■ Exercise details ■
Restate verbatim the span of lines below between the line with "fix e assume" and the line with "y) \<in> (adj_rel HS (T", including those two lines, and only that span.

[[ Records for processing open ]]

lemma spanning_tree_restrict:
  assumes T: "spanning_tree G T" and nb: "tree_neighbours G u T = S"
  shows "spanning_tree HS (T \<inter> edges HS)"
proof -
  have TG: "T \<subseteq> edges G" and conn: "connected_on G (verts G) T" and acyc: "acyclic_edges G T"
    using T unfolding spanning_tree_def by auto
  note proj_walk = rtrancl_adj_rel_proj[OF _ spanning_tree_u_edge[OF T nb]]
  have "connected_on HS (verts HS) (T \<inter> edges HS)"
    unfolding connected_on_def
  proof (intro conjI ballI)
    show "verts HS \<noteq> {}" using proj_verts u_vert by blast
    fix a b assume "a \<in> verts HS" "b \<in> verts HS"
    then obtain x y where "x \<in> verts G" "y \<in> verts G" "a = proj x" "b = proj y" by (auto simp: HS_simps)
    moreover have "(x, y) \<in> (adj_rel G T)\<^sup>*" using conn \<open>x \<in> verts G\<close> \<open>y \<in> verts G\<close>
      unfolding connected_on_def by blast
    ultimately show "(a, b) \<in> (adj_rel HS (T \<inter> edges HS))\<^sup>*" using proj_walk[OF TG] by simp
  qed
  moreover have "acyclic_edges HS (T \<inter> edges HS)"
    unfolding acyclic_edges_def
  proof
    fix e assume e: "e \<in> T \<inter> edges HS"
    obtain x y where xy: "ends G e = {x, y}" "(x, y) \<notin> (adj_rel G (T - {e}))\<^sup>*"
      using acyc e unfolding acyclic_edges_def by blast
    define D where "D = {e' \<in> T. u \<in> ends G e'}"
    have D: "\<exists>e' \<in> D. ends G e' = {u, p}" if "p \<in> S" for p
      using nb that unfolding tree_neighbours_def D_def by auto
    have "(proj x, proj y) \<notin> (adj_rel HS (T \<inter> edges HS - {e}))\<^sup>*"
    proof
      assume "(proj x, proj y) \<in> (adj_rel HS (T \<inter> edges HS - {e}))\<^sup>*"
      then have "(x, y) \<in> (adj_rel G (T \<inter> edges HS - {e} \<union> D))\<^sup>*"
        using rtrancl_adj_rel_lift[of D "T \<inter> edges HS - {e}" x y] D by blast
      moreover have "T \<inter> edges HS - {e} \<union> D \<subseteq> T - {e}" using e by (auto simp: D_def HS_simps)
      ultimately show False using xy(2) rtrancl_adj_rel_mono by blast
    qed
    moreover have "ends HS e = {proj x, proj y}" using e xy(1) HS_simps(3)[of e] by simp
    ultimately show "\<exists>a b. a \<noteq> b \<and> ends HS e = {a, b} \<and>
        (a, b) \<notin> (adj_rel HS (T \<inter> edges HS - {e}))\<^sup>*"
      by (intro exI[of _ "proj x"] exI[of _ "proj y"]) auto
  qed
  ultimately show ?thesis unfolding spanning_tree_def by blast
qed

definition edge_choices :: "('a \<Rightarrow> 'e) set" where
  "edge_choices = (\<Pi>\<^sub>E p \<in> S. {e \<in> edges G. ends G e = {u, p}})"

lemma edge_choicesD:
  "g \<in> edge_choices \<Longrightarrow> p \<in> S \<Longrightarrow> g p \<in> edges G \<and> ends G (g p) = {u, p}"
  unfolding edge_choices_def by auto

lemma edge_choice_notin_HS: "g \<in> edge_choices \<Longrightarrow> p \<in> S \<Longrightarrow> g p \<notin> edges HS"
  by (simp add: HS_simps edge_choicesD)

lemma tree_neighbours_extend:
  assumes g: "g \<in> edge_choices" and F: "F \<subseteq> edges HS"
  shows "tree_neighbours G u (g ` S \<union> F) = S"
proof
  show "S \<subseteq> tree_neighbours G u (g ` S \<union> F)"
    using S_neighbours edge_choicesD[OF g] unfolding tree_neighbours_def by blast
  show "tree_neighbours G u (g ` S \<union> F) \<subseteq> S"
  proof
    fix p assume "p \<in> tree_neighbours G u (g ` S \<union> F)"
    then obtain e where p: "p \<noteq> u" "e \<in> g ` S \<union> F" "ends G e = {u, p}"
      unfolding tree_neighbours_def neighbours_def by blast
    have "e \<notin> F" using F p(3) by (auto simp: HS_simps)
    then obtain q where "q \<in> S" "e = g q" using p(2) by blast
    with p u_notin_S edge_choicesD[OF g] show "p \<in> S" by (auto simp: doubleton_eq_iff)
  qed
qed

lemma connected_on_extend:
  assumes g: "g \<in> edge_choices" and F: "F \<subseteq> edges HS" "connected_on HS (verts HS) F"
  shows "connected_on G (verts G) (g ` S \<union> F)"
  unfolding connected_on_def
proof (intro conjI ballI)
  show "verts G \<noteq> {}" using u_vert by blast
  fix x y assume "x \<in> verts G" "y \<in> verts G"
  then have "(proj x, proj y) \<in> (adj_rel HS F)\<^sup>*"
    using F(2) proj_verts unfolding connected_on_def by blast
  moreover have "\<exists>e \<in> g ` S. ends G e = {u, p}" if "p \<in> S" for p
    using that edge_choicesD[OF g] by blast
  ultimately have "(x, y) \<in> (adj_rel G (F \<union> g ` S))\<^sup>*"
    using rtrancl_adj_rel_lift[of "g ` S" F x y] F(1) by blast
  then show "(x, y) \<in> (adj_rel G (g ` S \<union> F))\<^sup>*" by (simp add: Un_commute)
qed

lemma forest_edge_bridge_extend:
  assumes g: "g \<in> edge_choices" and F: "F \<subseteq> edges HS" "acyclic_edges HS F" and e: "e \<in> F"
  shows "\<exists>x y. x \<noteq> y \<and> ends G e = {x, y} \<and> (x, y) \<notin> (adj_rel G (g ` S \<union> F - {e}))\<^sup>*"
proof -
  have eHS: "e \<in> edges HS" using F(1) e by blast
  then have "e \<in> edges G" by (simp add: HS_simps)
  then obtain x y where xy: "ends G e = {x, y}" using wf_mgraph_ends(2)[OF wf] by blast
  have "ends HS e = {proj x, proj y}" using HS_simps(3)[OF eHS] xy by simp
  note no_walk = acyclic_edgesD[OF F(2) e this]
  have "(x, y) \<notin> (adj_rel G (g ` S \<union> F - {e}))\<^sup>*"
  proof
    let ?T = "g ` S \<union> F - {e}"
    assume "(x, y) \<in> (adj_rel G ?T)\<^sup>*"
    moreover have "?T \<subseteq> edges G" using F(1) edge_choicesD[OF g] by (auto simp: HS_simps)
    moreover have "\<exists>p \<in> S. ends G e' = {u, p}" if "e' \<in> ?T" "u \<in> ends G e'" for e'
      using that F(1) edge_choicesD[OF g] by (auto simp: HS_simps)
    ultimately have "(proj x, proj y) \<in> (adj_rel HS (?T \<inter> edges HS))\<^sup>*"
      by (rule rtrancl_adj_rel_proj[rotated -1])
    moreover have "?T \<inter> edges HS \<subseteq> F - {e}" using edge_choice_notin_HS[OF g] by blast
    ultimately show False using no_walk(2) rtrancl_adj_rel_mono by blast
  qed
  moreover have "x \<noteq> y" using no_walk(1) by auto
  ultimately show ?thesis using xy by blast
qed
(* Let $p,q\in\mathbb{R}$ with $q\neq0$ and $$\hat{\mathcal{B}}=\begin{pmatrix}p&qi&\frac{q}{6}(\sqrt5\,k+2\ell)\\ -qi&p&\frac q2 j\\ -\frac q6(\sqrt5\,k+2\ell)&-\frac q2 j&p\end{pmatrix},\qquad w_1=\begin{pmatrix}3k\\ \sqrt5 j-2i\ell\\ -7-\sqrt5 k\ell\end{pmatrix}.$$ There do not exist nonzero $u,v\in\mathbb{O}^3$ and $\mu,\nu\in\mathbb{O}$ with $\hat{\mathcal{B}}u=u\mu$, $\hat{\mathcal{B}}v=v\nu$ such that the three vectors $w_1,u,v$ are pairwise orthogonal in the sense that $(xx^\dagger)y=0$ for every ordered pair $(x,y)$ of distinct vectors among $w_1,u,v$.
   Context: $\mathbb{O}$ is the octonion algebra with real basis $1,i,j,k,\ell,i\ell,j\ell,k\ell$, obtained by Cayley–Dickson doubling of the quaternions ($ij=k$, $jk=i$, $ki=j$): $(a+b\ell)(c+d\ell)=(ac-\overline{d}b)+(da+b\overline{c})\ell$ for quaternions $a,b,c,d$. $xx^\dagger$ is the $3\times3$ matrix with entries $x_i\overline{x_j}$, and $(xx^\dagger)y$ is the matrix–vector product computed with octonionic multiplication. $u\mu$ means componentwise right multiplication. *)

theory Defs
  imports Complex_Main
begin

datatype quat = Q real real real real

instantiation quat :: "{zero, one, plus, minus, uminus, times}"
begin
definition "0 = Q 0 0 0 0"
definition "1 = Q 1 0 0 0"
fun plus_quat where "Q a b c d + Q a' b' c' d' = Q (a+a') (b+b') (c+c') (d+d')"
fun minus_quat where "Q a b c d - Q a' b' c' d' = Q (a-a') (b-b') (c-c') (d-d')"
fun uminus_quat where "- Q a b c d = Q (-a) (-b) (-c) (-d)"
fun times_quat where
  "Q a1 b1 c1 d1 * Q a2 b2 c2 d2 =
     Q (a1*a2 - b1*b2 - c1*c2 - d1*d2)
       (a1*b2 + b1*a2 + c1*d2 - d1*c2)
       (a1*c2 - b1*d2 + c1*a2 + d1*b2)
       (a1*d2 + b1*c2 - c1*b2 + d1*a2)"
instance ..
end

fun qconj :: "quat \<Rightarrow> quat" where
  "qconj (Q a b c d) = Q a (-b) (-c) (-d)"

section \<open>Octonions by Cayley--Dickson doubling: (a + b l)(c + d l) = (ac - conj(d) b) + (da + b conj(c)) l\<close>

datatype oct = Oct quat quat

instantiation oct :: "{zero, one, plus, minus, uminus, times}"
begin
definition "0 = Oct 0 0"
definition "1 = Oct 1 0"
fun plus_oct where "Oct a b + Oct c d = Oct (a + c) (b + d)"
fun minus_oct where "Oct a b - Oct c d = Oct (a - c) (b - d)"
fun uminus_oct where "- Oct a b = Oct (-a) (-b)"
fun times_oct where "Oct a b * Oct c d = Oct (a*c - qconj d * b) (d*a + b * qconj c)"
instance ..
end

fun oconj :: "oct \<Rightarrow> oct" where
  "oconj (Oct a b) = Oct (qconj a) (- b)"

text \<open>Octonion with real coordinates w.r.t. the basis 1,i,j,k,l,il,jl,kl.
  (Note (a + 0 l)(0 + 1 l) = a l, so the coordinates of a l are in the second quaternion.)\<close>
definition ov :: "real \<Rightarrow> real \<Rightarrow> real \<Rightarrow> real \<Rightarrow> real \<Rightarrow> real \<Rightarrow> real \<Rightarrow> real \<Rightarrow> oct" where
  "ov r0 r1 r2 r3 r4 r5 r6 r7 = Oct (Q r0 r1 r2 r3) (Q r4 r5 r6 r7)"

datatype idx = I1 | I2 | I3

type_synonym ovec = "idx \<Rightarrow> oct"
type_synonym omat = "idx \<Rightarrow> idx \<Rightarrow> oct"

definition mvmul :: "omat \<Rightarrow> ovec \<Rightarrow> ovec" where
  "mvmul A y = (\<lambda>i. A i I1 * y I1 + A i I2 * y I2 + A i I3 * y I3)"

text \<open>x x^dagger : entries x_i conj(x_j)\<close>
definition outer :: "ovec \<Rightarrow> omat" where
  "outer x = (\<lambda>i j. x i * oconj (x j))"

definition rsmul :: "ovec \<Rightarrow> oct \<Rightarrow> ovec" where
  "rsmul u \<mu> = (\<lambda>i. u i * \<mu>)"

definition orth :: "ovec \<Rightarrow> ovec \<Rightarrow> bool" where
  "orth x y \<longleftrightarrow> mvmul (outer x) y = (\<lambda>_. 0)"

definition Bhat :: "real \<Rightarrow> real \<Rightarrow> omat" where
  "Bhat p q = (\<lambda>i j. case (i, j) of
      (I1, I1) \<Rightarrow> ov p 0 0 0 0 0 0 0
    | (I1, I2) \<Rightarrow> ov 0 q 0 0 0 0 0 0
    | (I1, I3) \<Rightarrow> ov 0 0 0 (q/6 * sqrt 5) (q/6 * 2) 0 0 0
    | (I2, I1) \<Rightarrow> ov 0 (-q) 0 0 0 0 0 0
    | (I2, I2) \<Rightarrow> ov p 0 0 0 0 0 0 0
    | (I2, I3) \<Rightarrow> ov 0 0 (q/2) 0 0 0 0 0
    | (I3, I1) \<Rightarrow> ov 0 0 0 (-(q/6) * sqrt 5) (-(q/6) * 2) 0 0 0
    | (I3, I2) \<Rightarrow> ov 0 0 (-(q/2)) 0 0 0 0 0
    | (I3, I3) \<Rightarrow> ov p 0 0 0 0 0 0 0)"

definition w1 :: ovec where
  "w1 = (\<lambda>i. case i of
      I1 \<Rightarrow> ov 0 0 0 3 0 0 0 0
    | I2 \<Rightarrow> ov 0 0 (sqrt 5) 0 0 (-2) 0 0
    | I3 \<Rightarrow> ov (-7) 0 0 0 0 0 0 (- sqrt 5))"

end

theory Submission
  imports Defs
begin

[[ Records for processing closed ]]

■ Exercise result ■
    fix e assume e: "e \<in> T \<inter> edges HS"
    obtain x y where xy: "ends G e = {x, y}" "(x, y) \<notin> (adj_rel G (T - {e}))\<^sup>*"
      using acyc e unfolding acyclic_edges_def by blast
    define D where "D = {e' \<in> T. u \<in> ends G e'}"
    have D: "\<exists>e' \<in> D. ends G e' = {u, p}" if "p \<in> S" for p
      using nb that unfolding tree_neighbours_def D_def by auto
    have "(proj x, proj y) \<notin> (adj_rel HS (T \<inter> edges HS - {e}))\<^sup>*"
    proof
      assume "(proj x, proj y) \<in> (adj_rel HS (T \<inter> edges HS - {e}))\<^sup>*"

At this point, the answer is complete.